How to Analyze Past Performance Fractions
A horse that can break quickly from the gate and put distance between himself and his rivals in the early stages of the race has an inherent advantage in North American racing. With this in mind, the bettor must learn how to accurately interpret the internal clockings contained in all past performances.
Race Fractions Give the Speed of the Leading Horse
In nearly all racing forms, a series of numbers appear next to each corresponding past performance. These numbers illustrate how fast the leader of each race clocked the opening quarter mile, half mile, stretch call and finish. Since six furlongs (a furlong is equal to one eighth of a mile) is the most common of all race distances in North America, let's look at an example of how internal fractions would appear in a horse's past performances for this distance:
Interpreting race fractions in the form
9 Apr16-4OP fst 6f 21 45 58 1:11
In the example above, the fictitious horse in question exits a race run at Oaklawn Park (OP) that was run on April 9, 2016. The race was run over a fast track (fst) and carded at the six furlong distance (6f). In the running of this six furlong sprint, let's assume our horse broke from the gate and maintained the lead the entire way for a gate-to-wire victory. In this case, we know that the horse carved out fractions of 21 seconds for the opening quarter mile, 45 seconds for the half mile clocking, 58 seconds for five furlongs, and finished the six furlong event in one minute and eleven seconds. These internal race fractions provide a basic comparison for determining which horse might get the lead in a future race.

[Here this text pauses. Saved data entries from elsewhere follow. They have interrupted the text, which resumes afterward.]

lemma quad_form_zero_tail:
  assumes "\<And>i. m \<le> i \<Longrightarrow> v i = 0" and "m \<le> n"
  shows "quad_form n A v = quad_form m A v"
  using assms(2) by (induction n rule: dec_induct) (simp_all add: quad_form_Suc assms(1))

lemma quad_form_zero: "quad_form n A (\<lambda>_. 0) = 0"
  by (simp add: quad_form_def)

lemma pos_def_imp_pos_semidef: "pos_def n A \<Longrightarrow> pos_semidef n A"
  unfolding pos_def_def pos_semidef_def
  by (metis less_imp_le order_refl quad_form_cong quad_form_zero)

lemma pos_def_cong:
  "(\<And>i j. i < n \<Longrightarrow> j < n \<Longrightarrow> A i j = B i j) \<Longrightarrow> pos_def n A \<longleftrightarrow> pos_def n B"
  unfolding pos_def_def sym_mat_def quad_form_def by simp

lemma pos_semidef_cong:
  "(\<And>i j. i < n \<Longrightarrow> j < n \<Longrightarrow> A i j = B i j) \<Longrightarrow> pos_semidef n A \<longleftrightarrow> pos_semidef n B"
  unfolding pos_semidef_def sym_mat_def quad_form_def by simp

definition gap2_matrix :: "(nat \<Rightarrow> real) \<Rightarrow> (nat \<Rightarrow> real) \<Rightarrow> nat \<Rightarrow> nat \<Rightarrow> real" where
  "gap2_matrix x y i j =
     (if i = j then x i else if j = i + 2 then y i else if i = j + 2 then y j else 0)"

lemma sym_mat_gap2_matrix: "sym_mat n (gap2_matrix x y)"
  by (auto simp: sym_mat_def gap2_matrix_def)

lemma gap2_matE:
  assumes "gap2_mat n P"
  obtains x y where "\<And>i. i < n \<Longrightarrow> x i \<ge> 0" "\<And>i. i + 2 < n \<Longrightarrow> y i \<ge> 0"
    "\<And>i j. i < n \<Longrightarrow> j < n \<Longrightarrow> P i j = gap2_matrix x y i j"
  using assms unfolding gap2_mat_def gap2_matrix_def by blast

lemma hadamard_pow_gap2_matrix:
  "hadamard_pow (gap2_matrix x y) r = gap2_matrix (\<lambda>i. x i powr r) (\<lambda>i. y i powr r)"
  by (auto simp: fun_eq_iff hadamard_pow_def gap2_matrix_def)

lemma quad_form_gap2_matrix_Suc:
  "quad_form (Suc n) (gap2_matrix x y) v = quad_form n (gap2_matrix x y) v + x n * (v n)^2
     + (if n \<ge> 2 then 2 * y (n - 2) * v (n - 2) * v n else 0)"
proof -
  have "(\<Sum>i<n. v i * gap2_matrix x y i n * v n + v n * gap2_matrix x y n i * v i)
      = (\<Sum>i<n. if i = n - 2 \<and> n \<ge> 2 then 2 * y i * v i * v n else 0)"
    by (intro sum.cong) (auto simp: gap2_matrix_def)
  then show ?thesis
    by (simp add: quad_form_Suc gap2_matrix_def power2_eq_square)
qed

Comparing fractional times
Now let's assume the horse referenced in the example above is coming back at the same distance of six furlongs in his next start. Among the challengers he will face is a horse exiting a similar gate-to-wire victory, but with the fractions below appearing in his past performances:
16 Apr16-6OP fst 6f 21 44 57 1:10
A quick glance shows that the second horse carved out swifter fractions and would be likely to outbreak the horse from the first example. An accepted rule of thumb in horse racing is that the distance of one length is roughly equal to one fifth of a second. Thus, a full second would be five lengths. Rarely are these issues so clear-cut, but this example provides a basis for the beginning horse player trying to make sense of fractional times.